二村さんの『すべてはモテるためである』を読んだのは、大学三年生の頃だった。2015年ころに人文系の読書会なんかに通っていると、二村さんの本はとにかく話題になっていた。本の冒頭に書かれている「なぜモテないかというと、それは、あなたがキモチワルいからでしょう」という鋭利なフレーズや、モテない人はまず自分のキモチワルさを自覚しようという提案は、これまで読んだモテ指南本では見たことがないもので、自意識が過剰で女性とうまくコミュニケーションすることができず、性風俗店でしか性行為をしたことがなかった自分の心に突き刺さった。また、その本の中で、性風俗店での経験もコミュニケーションの学びになる、ということが書かれていることもよかった。世に流布している性産業に対する言説は、性行為というものが商品化されてしまえばそれだけで直ちに人間性が疎外されてしまうという前提で書かれていたり、性産業の世界にこそ普段は抑圧されている人間の本性があるとでも言いたげな大仰なものであったりで、そこで行われているミクロなコミュニケーションについて抑制的に考察している本に出会うことはほとんどなかった。だから、性風俗店を貶めることも過剰に持ち上げることもせず、そこで繰り広げられている性的なことだって女性とのコミュニケーションをする上で学べることがあるのだ、ということが余計な偏見なく書かれている文章に触れるのは新鮮だった。
僕は大学を卒業してから、性風俗店を利用したときのエピソードのエッセイのような文章をはてなブログに趣味で書くようになった。そこで繰り広げられているコミュニケーションは面白いものであり、文章にするほどの価値があるはずだ、という心持ちになれたのは、性風俗店でのコミュニケーションを当たり前のように意味のあるものだと考える、二村ヒトシという人がいることを大学生のときに知ることができたのも大きな理由の一つだった。だから、そのブログが本になった出版イベントに二村さんを呼んで、本の感想を聞いてみたかった。
編集者を経由して二村さんにイベント登壇の依頼をすると、すぐに了承をもらえた。
イベント当日、トランクをころころ転がしながら、真っ赤なコートを着た二村さんがやってきた。
「会ったこともない素人童貞に急にイベントに呼ばれたから、来ました」
控室での挨拶のときから、もうイベントが始まっているかのようなテンションの高さで、二村さんは華がある人なのだと思った。
「二村さん、僕の本を読んだ感想、聞かせてくださいよ」
控室では緊張して聞くことはできなかったから、壇上にあがってお酒を飲んでテンションが上がったところで、二村さんに本の感想を聞いてみた。

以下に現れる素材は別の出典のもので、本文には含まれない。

lemma l_coset_r_coset_normalizer:
  assumes "subgroup H G" "g \<in> normalizer_lr G H" "x \<in> carrier G" "c \<in> g <# H"
  shows "(x <# H) #> c = (x \<otimes> g) <# H"
proof -
  have HG: "H \<subseteq> carrier G" and g: "g \<in> carrier G" "g <# H = H #> g"
    using assms by (auto simp: normalizer_lr_def subgroup.subset)
  obtain h where h: "h \<in> H" "c = g \<otimes> h"
    using assms(4) by (auto simp: l_coset_def)
  have xH: "x <# H \<subseteq> carrier G"
    using HG assms(3) by (rule l_coset_subset_G)
  have "(x <# H) #> c = x <# (H #> g) #> h"
    using xH HG g(1) h assms(1,3) by (simp add: coset_mult_assoc coset_assoc subgroup.mem_carrier)
  also have "\<dots> = (x \<otimes> g) <# H #> h"
    using HG g(1) assms(3) by (simp add: g(2)[symmetric] lcos_m_assoc)
  also have "\<dots> = (x \<otimes> g) <# (H #> h)"
    using HG g(1) h assms(1,3) by (simp add: coset_assoc subgroup.mem_carrier)
  also have "H #> h = H"
    using assms(1) h(1) by (simp add: subgroup.rcos_const is_group)
  finally show ?thesis .
qed

lemma set_inv_mult_eq_l_coset_if_card_gt:
  assumes HG: "subgroup H G" and "finite H"
    and x: "x \<in> carrier G" and y: "y \<in> carrier G"
    and N: "inv x \<otimes> y \<in> normalizer_lr G H"
    and P: "P \<subseteq> x <# H" and Q: "Q \<subseteq> y <# H"
    and large: "card H < card P + card Q"
  shows "set_inv P <#> Q = (inv x \<otimes> y) <# H"
proof
  have "set_inv P <#> Q \<subseteq> set_inv (x <# H) <#> (y <# H)"
    using P Q by (intro mono_set_mult mono_set_inv)
  also have "\<dots> = (inv x \<otimes> y) <# H"
    using HG x y N by (simp add: set_inv_l_coset_mult_l_coset double_coset_normalizer)
  finally show "set_inv P <#> Q \<subseteq> (inv x \<otimes> y) <# H" .
next
  show "(inv x \<otimes> y) <# H \<subseteq> set_inv P <#> Q"
  proof
    fix c assume c: "c \<in> (inv x \<otimes> y) <# H"
    have cG: "c \<in> carrier G"
      using c x y HG by (meson l_coset_carrier m_closed inv_closed)
    have PG: "P \<subseteq> carrier G"
      using P x HG l_coset_subset_G subgroup.subset by blast
    have "(x <# H) #> c = y <# H"
      using l_coset_r_coset_normalizer[OF HG N x c] x y by (simp add: m_assoc[symmetric])
    then have "(\<lambda>p. p \<otimes> c) ` P \<subseteq> y <# H"
      using P by (auto simp: r_coset_def)
    moreover have "card ((\<lambda>p. p \<otimes> c) ` P) = card P"
      using PG cG by (simp add: card_image inj_on_g)
    ultimately have "(\<lambda>p. p \<otimes> c) ` P \<inter> Q \<noteq> {}"
      using Q large \<open>finite H\<close> HG y
      by (intro Int_nonempty_if_card_sum_gt[of "y <# H"]) (simp_all add: finite_l_coset card_l_coset)
    then obtain p where p: "p \<in> P" "p \<otimes> c \<in> Q"
      by blast
    moreover have "c = inv p \<otimes> (p \<otimes> c)"
      using p PG cG by (auto simp: m_assoc[symmetric])
    ultimately show "c \<in> set_inv P <#> Q"
      by (auto simp: set_mult_def SET_INV_def)
  qed
qed

lemma set_inv_mult_self_eq_subgroup_if_card_gt:
  assumes "subgroup H G" "finite H" "x \<in> carrier G" "P \<subseteq> x <# H" "card H < 2 * card P"
  shows "set_inv P <#> P = H"
  using set_inv_mult_eq_l_coset_if_card_gt[of H x x P P] assms
  by (simp add: normalizer_lr_one lcos_mult_one subgroup.subset)

lemma set_inv_mult_self_two_cosets:
  assumes HG: "subgroup H G" and "finite H"
    and a: "a \<in> carrier G" and b: "b \<in> carrier G"
    and N: "inv a \<otimes> b \<in> normalizer_lr G H"
    and A: "A \<subseteq> (a <# H) \<union> (b <# H)"
    and large: "card H < 2 * card (A \<inter> (a <# H))" "card H < 2 * card (A \<inter> (b <# H))"
  shows "set_inv A <#> A = H \<union> ((inv a \<otimes> b) <# H) \<union> ((inv b \<otimes> a) <# H)"
proof -
  define Pa where "Pa = A \<inter> (a <# H)"
  define Pb where "Pb = A \<inter> (b <# H)"
  have A_split: "A = Pa \<union> Pb"
    using A by (auto simp: Pa_def Pb_def)
  have N': "inv b \<otimes> a \<in> normalizer_lr G H"
    using normalizer_lr_inv[OF HG N] a b by (simp add: inv_mult_group)
  have "set_inv Pa <#> Pb = (inv a \<otimes> b) <# H"
    using large a b by (intro set_inv_mult_eq_l_coset_if_card_gt[OF HG \<open>finite H\<close> a b N]) (auto simp: Pa_def Pb_def)
  moreover have "set_inv Pb <#> Pa = (inv b \<otimes> a) <# H"
    using large a b by (intro set_inv_mult_eq_l_coset_if_card_gt[OF HG \<open>finite H\<close> b a N']) (auto simp: Pa_def Pb_def)
  moreover have "set_inv Pa <#> Pa = H"
    using large(1) by (intro set_inv_mult_self_eq_subgroup_if_card_gt[OF HG \<open>finite H\<close> a]) (auto simp: Pa_def)
  moreover have "set_inv Pb <#> Pb = H"
    using large(2) by (intro set_inv_mult_self_eq_subgroup_if_card_gt[OF HG \<open>finite H\<close> b]) (auto simp: Pb_def)
  ultimately show ?thesis
    unfolding A_split by (auto simp: set_inv_Un set_mult_Un_left set_mult_Un_right)
qed

end

theorem proposition3p1:
  fixes G :: "('a, 'b) monoid_scheme" and H A :: "'a set" and a b :: 'a
  assumes "group G"
    and "subgroup H G"
    and "finite H"
    and "a \<in> carrier G" and "b \<in> carrier G"
    and "A \<subseteq> (a <#\<^bsub>G\<^esub> H) \<union> (b <#\<^bsub>G\<^esub> H)"
    and "inv\<^bsub>G\<^esub> a \<otimes>\<^bsub>G\<^esub> b \<in> normalizer_lr G H"
    and "(inv\<^bsub>G\<^esub> a \<otimes>\<^bsub>G\<^esub> b) [^]\<^bsub>G\<^esub> (2::nat) \<notin> H"
    and "real (card A) > 9/5 * real (card H)"
  shows "real (card ((set_inv\<^bsub>G\<^esub> A) <#>\<^bsub>G\<^esub> A)) < 5/3 * real (card A)
     \<and> (\<exists>g1 \<in> carrier G. \<exists>g2 \<in> carrier G.
          (set_inv\<^bsub>G\<^esub> A) <#>\<^bsub>G\<^esub> A = H \<union> double_coset G H g1 \<union> double_coset G H g2
        \<and> H \<inter> double_coset G H g1 = {}
        \<and> H \<inter> double_coset G H g2 = {}
        \<and> double_coset G H g1 \<inter> double_coset G H g2 = {}
        \<and> card (double_coset G H g1) = card H
        \<and> card (double_coset G H g2) = card H)"
proof -
  interpret group G by fact
  define g where "g = inv\<^bsub>G\<^esub> a \<otimes>\<^bsub>G\<^esub> b"
  have g: "g \<in> carrier G" "inv\<^bsub>G\<^esub> g = inv\<^bsub>G\<^esub> b \<otimes>\<^bsub>G\<^esub> a"
    using assms(4,5) by (simp_all add: g_def inv_mult_group)
  have square: "g \<otimes>\<^bsub>G\<^esub> g \<notin> H"
    using assms(8) g(1) by (simp add: g_def[symmetric] numeral_2_eq_2)
  note disjoint = l_cosets_disjoint_if_square_notin[OF assms(2) g(1) square]
  have "g \<notin> H"
    using square subgroup.m_closed[OF assms(2)] by blast
  then have "card A = card (A \<inter> (a <#\<^bsub>G\<^esub> H)) + card (A \<inter> (b <#\<^bsub>G\<^esub> H))"
    using card_Int_two_l_cosets[OF assms(2-5) _ assms(6)] by (simp add: g_def)
  moreover have "card (A \<inter> (x <#\<^bsub>G\<^esub> H)) \<le> card H" if "x \<in> carrier G" for x
    using assms(2,3) that by (metis card_l_coset card_mono finite_l_coset inf_le2)
  moreover have "9 * card H < 5 * card A"
    using assms(9) by (simp flip: of_nat_less_iff)
  ultimately have large: "card H < 2 * card (A \<inter> (a <#\<^bsub>G\<^esub> H))" "card H < 2 * card (A \<inter> (b <#\<^bsub>G\<^esub> H))"
    using assms(4,5) by fastforce+
  have AA: "set_inv\<^bsub>G\<^esub> A <#>\<^bsub>G\<^esub> A = H \<union> (g <#\<^bsub>G\<^esub> H) \<union> (inv\<^bsub>G\<^esub> g <#\<^bsub>G\<^esub> H)"
    using set_inv_mult_self_two_cosets[OF assms(2-5,7,6) large] g(2) by (simp add: g_def)
  have "g \<in> normalizer_lr G H" "inv\<^bsub>G\<^esub> g \<in> normalizer_lr G H"
    using assms(2,7) normalizer_lr_inv by (simp_all add: g_def)
  then have "double_coset G H g = g <#\<^bsub>G\<^esub> H" "double_coset G H (inv\<^bsub>G\<^esub> g) = inv\<^bsub>G\<^esub> g <#\<^bsub>G\<^esub> H"
    using assms(2) by (simp_all add: double_coset_normalizer)
  moreover have "card (set_inv\<^bsub>G\<^esub> A <#>\<^bsub>G\<^esub> A) = 3 * card H"
    using AA disjoint assms(2,3) g(1) by (simp add: card_Un_disjoint finite_l_coset card_l_coset Int_Un_distrib2)
  ultimately show ?thesis
    using AA disjoint g(1) assms(2,9)
    by (intro conjI bexI[of _ g] bexI[of _ "inv\<^bsub>G\<^esub> g"]) (simp_all add: card_l_coset)
qed

end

「俺、本当はあんまり褒めたくはないんだけど、この本は、男の性の悲哀が書かれている本だな、と思った。勃起をして射精をするという行為は、男が男に成りながらも敢えて萎ませるという、謂わばファルスを手放す行為。風俗はそのためにお金を払うというところに、男の寂しさや切なさが詰まっていて、そのことが書かれているのがこの本のエモさたるところで、君は風俗界の燃え殻だ」
と褒めてくれた。売れっ子作家の燃え殻さんに例えてくれるという、あまりに大仰な褒め言葉だったので嬉しかったけど少し照れもあり、「風俗界の燃え殻って、ザーメンみたいな響きですね」と渾身のボケで返したのだけど、あまりにも僕の声が小さかったからか他の人の声にかき消されてしまい、そのボケは誰にも拾われることなく宙に消えていった。